(* In an instance with $N\subseteq C$, let $W$ be an outcome satisfying UPRF. Then for every $q\le k$: (1) $W$ is in the $\frac{5+\sqrt{33}}{2}$-$q$-core; (2) $W$ satisfies $3$-$q$-individual fairness if $k\le n$; (3) for every $\gamma>1$, $W$ is in the $\left(\gamma,\frac{5\gamma+1}{\gamma-1}\right)$-$q$-transferable core restricted to $\ell<2q$.
   Context: Let $(\mathcal X,d)$ be a metric space, $N=[n]$ a set of agents and $C$ a set of candidates located in $\mathcal X$, $k\in\mathbb N^+$; an outcome is $W\subseteq C$ with $|W|\le k$; $B(i,r)=\{x\in\mathcal X:d(i,x)\le r\}$; $d^q(i,W)$ is the distance from $i$ to its $q$-th closest point of $W$. UPRF: there are no $\ell\in\mathbb N$, no $N'\subseteq N$ with $|N'|\ge\ell n/k$, and no $y\in\mathbb R$ with $\max_{i,i'\in N'}d(i,i')\le y$ and $|\bigcup_{i\in N'}B(i,y)\cap W|<\ell$. $\alpha$-$q$-core: no $\ell\in\mathbb N$, $N'\subseteq N$ with $|N'|\ge\ell n/k$, and $C'\subseteq C$ with $q\le|C'|\le\ell$ such that $\alpha\,d^q(i,C')<d^q(i,W)$ for all $i\in N'$. $\beta$-$q$-individual fairness (for $N\subseteq C$, $k\le n$): $d^q(i,W)\le\beta\,r^q(i)$ for all $i\in N$, with $r^q(i)=\min\{r:|B(i,r)\cap N|\ge qn/k\}$. $(\gamma,\alpha)$-$q$-transferable core restricted to $\ell<2q$: no $\ell\in\mathbb N$ with $\ell<2q$, $N'\subseteq N$ with $|N'|\ge\gamma\ell n/k$, and $C'\subseteq C$ with $q\le|C'|\le\ell$ such that $\alpha\sum_{i\in N'}d^q(i,C')<\sum_{i\in N'}d^q(i,W)$. *)

theory Defs
  imports "HOL-Analysis.Analysis"
begin

(* Agents are indexed by {..<n}; agent i is located at loc i in the metric space (M,d).
   Candidates C are a finite subset of M.  Outcomes W are subsets of C. *)

(* d^q(x,W): q-th smallest distance from x to points of W (counting points of W
   with equal distance separately); +infinity if W has fewer than q points. *)
definition dq :: "('a \<Rightarrow> 'a \<Rightarrow> real) \<Rightarrow> nat \<Rightarrow> 'a \<Rightarrow> 'a set \<Rightarrow> ereal" where
  "dq d q x W = Inf {ereal r | r. q \<le> card {w \<in> W. d x w \<le> r}}"

definition outcome :: "'a set \<Rightarrow> nat \<Rightarrow> 'a set \<Rightarrow> bool" where
  "outcome C k W \<longleftrightarrow> W \<subseteq> C \<and> card W \<le> k"

definition UPRF :: "('a \<Rightarrow> 'a \<Rightarrow> real) \<Rightarrow> 'a set \<Rightarrow> nat \<Rightarrow> (nat \<Rightarrow> 'a) \<Rightarrow> nat \<Rightarrow> 'a set \<Rightarrow> bool" where
  "UPRF d M n loc k W \<longleftrightarrow>
     \<not> (\<exists>(l::nat) N' (y::real). N' \<subseteq> {..<n} \<and> real (card N') \<ge> real l * real n / real k \<and>
          (\<forall>i\<in>N'. \<forall>i'\<in>N'. d (loc i) (loc i') \<le> y) \<and>
          card ((\<Union>i\<in>N'. {x \<in> M. d (loc i) x \<le> y}) \<inter> W) < l)"

definition in_q_core :: "('a \<Rightarrow> 'a \<Rightarrow> real) \<Rightarrow> nat \<Rightarrow> (nat \<Rightarrow> 'a) \<Rightarrow> nat \<Rightarrow> 'a set \<Rightarrow> real \<Rightarrow> nat \<Rightarrow> 'a set \<Rightarrow> bool" where
  "in_q_core d n loc k C \<alpha> q W \<longleftrightarrow>
     \<not> (\<exists>(l::nat) N' C'. N' \<subseteq> {..<n} \<and> real (card N') \<ge> real l * real n / real k \<and>
          C' \<subseteq> C \<and> q \<le> card C' \<and> card C' \<le> l \<and>
          (\<forall>i\<in>N'. ereal \<alpha> * dq d q (loc i) C' < dq d q (loc i) W))"

definition rq :: "('a \<Rightarrow> 'a \<Rightarrow> real) \<Rightarrow> nat \<Rightarrow> (nat \<Rightarrow> 'a) \<Rightarrow> nat \<Rightarrow> nat \<Rightarrow> nat \<Rightarrow> real" where
  "rq d n loc k q i = Inf {r. real (card {j \<in> {..<n}. d (loc i) (loc j) \<le> r}) \<ge> real q * real n / real k}"

definition q_ind_fair :: "('a \<Rightarrow> 'a \<Rightarrow> real) \<Rightarrow> nat \<Rightarrow> (nat \<Rightarrow> 'a) \<Rightarrow> nat \<Rightarrow> real \<Rightarrow> nat \<Rightarrow> 'a set \<Rightarrow> bool" where
  "q_ind_fair d n loc k \<beta> q W \<longleftrightarrow>
     (\<forall>i<n. dq d q (loc i) W \<le> ereal (\<beta> * rq d n loc k q i))"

WORK TO COMPLETE => Set down the whole listing once more, exactly as it appears.

RESULT BELOW =>
(* In an instance with $N\subseteq C$, let $W$ be an outcome satisfying UPRF. Then for every $q\le k$: (1) $W$ is in the $\frac{5+\sqrt{33}}{2}$-$q$-core; (2) $W$ satisfies $3$-$q$-individual fairness if $k\le n$; (3) for every $\gamma>1$, $W$ is in the $\left(\gamma,\frac{5\gamma+1}{\gamma-1}\right)$-$q$-transferable core restricted to $\ell<2q$.
   Context: Let $(\mathcal X,d)$ be a metric space, $N=[n]$ a set of agents and $C$ a set of candidates located in $\mathcal X$, $k\in\mathbb N^+$; an outcome is $W\subseteq C$ with $|W|\le k$; $B(i,r)=\{x\in\mathcal X:d(i,x)\le r\}$; $d^q(i,W)$ is the distance from $i$ to its $q$-th closest point of $W$. UPRF: there are no $\ell\in\mathbb N$, no $N'\subseteq N$ with $|N'|\ge\ell n/k$, and no $y\in\mathbb R$ with $\max_{i,i'\in N'}d(i,i')\le y$ and $|\bigcup_{i\in N'}B(i,y)\cap W|<\ell$. $\alpha$-$q$-core: no $\ell\in\mathbb N$, $N'\subseteq N$ with $|N'|\ge\ell n/k$, and $C'\subseteq C$ with $q\le|C'|\le\ell$ such that $\alpha\,d^q(i,C')<d^q(i,W)$ for all $i\in N'$. $\beta$-$q$-individual fairness (for $N\subseteq C$, $k\le n$): $d^q(i,W)\le\beta\,r^q(i)$ for all $i\in N$, with $r^q(i)=\min\{r:|B(i,r)\cap N|\ge qn/k\}$. $(\gamma,\alpha)$-$q$-transferable core restricted to $\ell<2q$: no $\ell\in\mathbb N$ with $\ell<2q$, $N'\subseteq N$ with $|N'|\ge\gamma\ell n/k$, and $C'\subseteq C$ with $q\le|C'|\le\ell$ such that $\alpha\sum_{i\in N'}d^q(i,C')<\sum_{i\in N'}d^q(i,W)$. *)

theory Defs
  imports "HOL-Analysis.Analysis"
begin

(* Agents are indexed by {..<n}; agent i is located at loc i in the metric space (M,d).
   Candidates C are a finite subset of M.  Outcomes W are subsets of C. *)

(* d^q(x,W): q-th smallest distance from x to points of W (counting points of W
   with equal distance separately); +infinity if W has fewer than q points. *)
definition dq :: "('a \<Rightarrow> 'a \<Rightarrow> real) \<Rightarrow> nat \<Rightarrow> 'a \<Rightarrow> 'a set \<Rightarrow> ereal" where
  "dq d q x W = Inf {ereal r | r. q \<le> card {w \<in> W. d x w \<le> r}}"

definition outcome :: "'a set \<Rightarrow> nat \<Rightarrow> 'a set \<Rightarrow> bool" where
  "outcome C k W \<longleftrightarrow> W \<subseteq> C \<and> card W \<le> k"

definition UPRF :: "('a \<Rightarrow> 'a \<Rightarrow> real) \<Rightarrow> 'a set \<Rightarrow> nat \<Rightarrow> (nat \<Rightarrow> 'a) \<Rightarrow> nat \<Rightarrow> 'a set \<Rightarrow> bool" where
  "UPRF d M n loc k W \<longleftrightarrow>
     \<not> (\<exists>(l::nat) N' (y::real). N' \<subseteq> {..<n} \<and> real (card N') \<ge> real l * real n / real k \<and>
          (\<forall>i\<in>N'. \<forall>i'\<in>N'. d (loc i) (loc i') \<le> y) \<and>
          card ((\<Union>i\<in>N'. {x \<in> M. d (loc i) x \<le> y}) \<inter> W) < l)"

definition in_q_core :: "('a \<Rightarrow> 'a \<Rightarrow> real) \<Rightarrow> nat \<Rightarrow> (nat \<Rightarrow> 'a) \<Rightarrow> nat \<Rightarrow> 'a set \<Rightarrow> real \<Rightarrow> nat \<Rightarrow> 'a set \<Rightarrow> bool" where
  "in_q_core d n loc k C \<alpha> q W \<longleftrightarrow>
     \<not> (\<exists>(l::nat) N' C'. N' \<subseteq> {..<n} \<and> real (card N') \<ge> real l * real n / real k \<and>
          C' \<subseteq> C \<and> q \<le> card C' \<and> card C' \<le> l \<and>
          (\<forall>i\<in>N'. ereal \<alpha> * dq d q (loc i) C' < dq d q (loc i) W))"

definition rq :: "('a \<Rightarrow> 'a \<Rightarrow> real) \<Rightarrow> nat \<Rightarrow> (nat \<Rightarrow> 'a) \<Rightarrow> nat \<Rightarrow> nat \<Rightarrow> nat \<Rightarrow> real" where
  "rq d n loc k q i = Inf {r. real (card {j \<in> {..<n}. d (loc i) (loc j) \<le> r}) \<ge> real q * real n / real k}"

definition q_ind_fair :: "('a \<Rightarrow> 'a \<Rightarrow> real) \<Rightarrow> nat \<Rightarrow> (nat \<Rightarrow> 'a) \<Rightarrow> nat \<Rightarrow> real \<Rightarrow> nat \<Rightarrow> 'a set \<Rightarrow> bool" where
  "q_ind_fair d n loc k \<beta> q W \<longleftrightarrow>
     (\<forall>i<n. dq d q (loc i) W \<le> ereal (\<beta> * rq d n loc k q i))"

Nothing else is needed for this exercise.